CONCLUSIONS: The findings from this trial are expected to refine clinical management strategies for enhancing postoperative recovery among cervical cancer patients undergoing radical hysterectomy. By providing robust evidence, this study aims to support patients and their families in informed decision-making regarding postoperative bladder management, potentially reducing the incidence of urinary complications and improving overall quality of life post-surgery.

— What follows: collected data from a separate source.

(* Let $v_1=b_0^2\int a_0^{-2}g_0^2$ (the asymptotic variance, up to the factor $4\pi$, of $n^{1/2}(\hat b_{\rm EV}-b_0)$ where $\hat b_{\rm EV}=n^{-1}\mathbf y^T\mathbf y-1$), and let $$\sigma_4^2=b_0^2\Big(\frac{2\nu}{\theta_0}\Big)^2\Big(\int a_0^2\big(h_0-\tfrac{2\nu}{\theta_0}\big)^2\Big)^{-1}.$$ Define $I^4_{\delta,b_0,\theta_0}:=v_1/\sigma_4^2$. Then, with $b_0,\theta_0$ fixed, $$I^4_{\delta,b_0,\theta_0}\longrightarrow \mathrm{ineff}(\nu):=\frac{\sqrt\pi}{2}\left(\frac{2\nu+1}{2\nu}\right)^2\frac{\Gamma(\nu+\frac12)^2\,\Gamma(2\nu+\frac12)}{\Gamma(\nu)^2\,\Gamma(2\nu+1)}\quad\text{as }\delta\to0.$$
   Context: Fix $\nu\ge1/2$. For $\alpha>0$, $\omega\in\mathbb R$ let $g^*_{\nu,\alpha}(\omega)=C_\nu\alpha^{2\nu}(\alpha^2+\omega^2)^{-(\nu+1/2)}$ with $C_\nu=\Gamma(\nu+\frac12)/(\sqrt\pi\,\Gamma(\nu))$. For $\delta,\theta>0$ and $\lambda\in[-\pi,\pi]$ let $g^\delta_{\nu,\theta}(\lambda)=\sum_{k\in\mathbb Z}g^*_{\nu,\delta\theta}(\lambda+2k\pi)$, $h^\delta_{\nu,\theta}=\partial\log g^\delta_{\nu,\theta}/\partial\theta$, and for $b>0$, $a^\delta_{b,\theta}=\dfrac{b\,g^\delta_{\nu,\theta}}{b\,g^\delta_{\nu,\theta}+(2\pi)^{-1}}$. All integrals $\int$ without limits are over $[-\pi,\pi]$ in $\lambda$. Notation: $b_0,\theta_0>0$, $g_0=g^\delta_{\nu,\theta_0}$, $h_0=h^\delta_{\nu,\theta_0}$, $a_0=a^\delta_{b_0,\theta_0}$. The model is $\mathbf y=\mathbf z+\boldsymbol\varepsilon$ with $\mathbf z=(Z(\delta),\dots,Z(n\delta))^T$, $Z$ a zero-mean stationary Gaussian process with spectral density $b_0g^*_{\nu,\theta_0}$ on $\mathbb R$, and $\boldsymbol\varepsilon\sim N(0,I_n)$ independent of $Z$; $\sigma_4^2$ is (up to $4\pi$) the asymptotic variance of the ML estimator of $b_0$ when the microergodic parameter $c_0=b_0\theta_0^{2\nu}$ is known. *)

theory Defs
  imports "HOL-Analysis.Analysis"
begin
(* Let $p\in\Delta_n$ be an unknown distribution on $\{1,\dots,n\}$ and let $X^1=\{x_1,\dots,x_N\}$ be i.i.d. from $p$. Fix $\delta\in(0,1)$, let $m=\lceil\log_2 n\rceil$ and $$S=\min\Big\{S\in\mathbb N:\ \sum_{k=S}^{2S}\binom{2S}{k}\left(\tfrac13\right)^k\left(\tfrac23\right)^{2S-k}\le\frac{\delta}{\lceil\log_2 n\rceil}\Big\}.$$ For $i=1,\dots,m$ let $\rho_i=2^{-i/2}$, let $P_i>0$ be the solution of $3\left[2^{7/4}P_i^{-1/2}\rho_i^{3/2}+2P_i^{-1}\rho_i\right]=\tfrac13\rho_i^2$, and $Q_i=\lceil P_i\rceil$. Consider the following training-step: for $i=1,2,\dots$, use $4S$ consecutive segments of cardinality $Q_i$ each of $X^1$ (namely the first $4SQ_i$ observations) to build $2S$ pairs $(\xi_s,\xi'_s)$, $s=1,\dots,2S$, of empirical distributions of pairs of these segments, set $\theta_s=\xi_s^T\xi'_s$ and let $\Theta_i$ be the median of $\theta_1,\dots,\theta_{2S}$; terminate if $\Theta_i\ge 2\rho_i^2/3$, or $i=m$, or $N<4SQ_{i+1}$; otherwise proceed to $i+1$. Upon termination at stage $i$, output $\varrho=\Theta_i+\rho_i^2/3$. Let $i(p)$ be the smallest $i\le m$ such that $\rho_i\le\|p\|_2$, and assume $N\ge 4SQ_{i(p)}$. Then with probability at least $1-\delta$ the training-step terminates at some stage $\le i(p)$ and outputs $\varrho$ satisfying $\|p\|_2^2\le\varrho\le3\|p\|_2^2$. Moreover, the number of observations used by a training-step that terminates within the first $i(p)$ stages is at most $4SQ_{i(p)}\le C\ln(\ln(n)/\delta)/\|p\|_2$ for an absolute constant $C$.
   Context: $\Delta_n=\{r\in\mathbb{R}^n:r\ge0,\sum_ir_i=1\}$; $n\ge2$. The empirical distribution of a set of observations in $\{1,\dots,n\}$ is the vector of relative frequencies. Note $i(p)$ is well defined since $\rho_m\le n^{-1/2}\le\|p\|_2$. *)

theory Defs
  imports "HOL-Probability.Probability"
begin

definition stages :: "nat \<Rightarrow> nat" where
  "stages n = nat \<lceil>log 2 (real n)\<rceil>"

definition binom_tail :: "nat \<Rightarrow> real" where
  "binom_tail S = (\<Sum>k=S..2*S. real ((2*S) choose k) * (1/3)^k * (2/3)^(2*S-k))"

definition S_param :: "nat \<Rightarrow> real \<Rightarrow> nat" where
  "S_param n \<delta> = (LEAST S. binom_tail S \<le> \<delta> / real (stages n))"

definition rho :: "nat \<Rightarrow> real" where
  "rho i = 2 powr (- real i / 2)"

definition P_param :: "nat \<Rightarrow> real" where
  "P_param i = (THE P. P > 0 \<and>
     3 * (2 powr (7/4) * P powr (-1/2) * rho i powr (3/2) + 2 * P powr (-1) * rho i)
       = rho i ^ 2 / 3)"

definition Q_param :: "nat \<Rightarrow> nat" where
  "Q_param i = nat \<lceil>P_param i\<rceil>"

text \<open>Empirical distribution of the j-th segment (0-indexed) of length Q of the sample x
  (observation t of the sample is x t, t = 0,1,...); evaluated at the point k.\<close>
definition emp_dist :: "(nat \<Rightarrow> nat) \<Rightarrow> nat \<Rightarrow> nat \<Rightarrow> nat \<Rightarrow> real" where
  "emp_dist x Q j k = real (card {t \<in> {..<Q}. x (j*Q + t) = k}) / real Q"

BACKGROUND: ChiCTR2200064041, registered on 24th September, 2022.
方法:本随机对照试验将招募接受腹腔镜根治性子宫切除术的宫颈癌患者。参与者将被随机分配到术后早期导管拔除联合间歇性导管插入组或接受标准护理并留置导尿管的对照组。所有这些患者将在手术后随访3个月。该研究的主要终点是术后2周膀胱功能恢复率的比较(定义为达到膀胱功能恢复II级或更高)。次要终点包括尿路感染的发生率,和尿动力学参数的变化,术后1个月内的MesureDuHandicapUrinaire评分。所有分析都将坚持意向治疗原则。
结论:本试验的结果有望改善宫颈癌根治术患者的临床管理策略,以提高术后恢复。通过提供有力的证据,这项研究旨在支持患者及其家属在术后膀胱管理方面的知情决策,有可能降低泌尿系并发症的发生率,提高术后整体生活质量。
背景:ChiCTR2200064041,9月24日注册,2022年。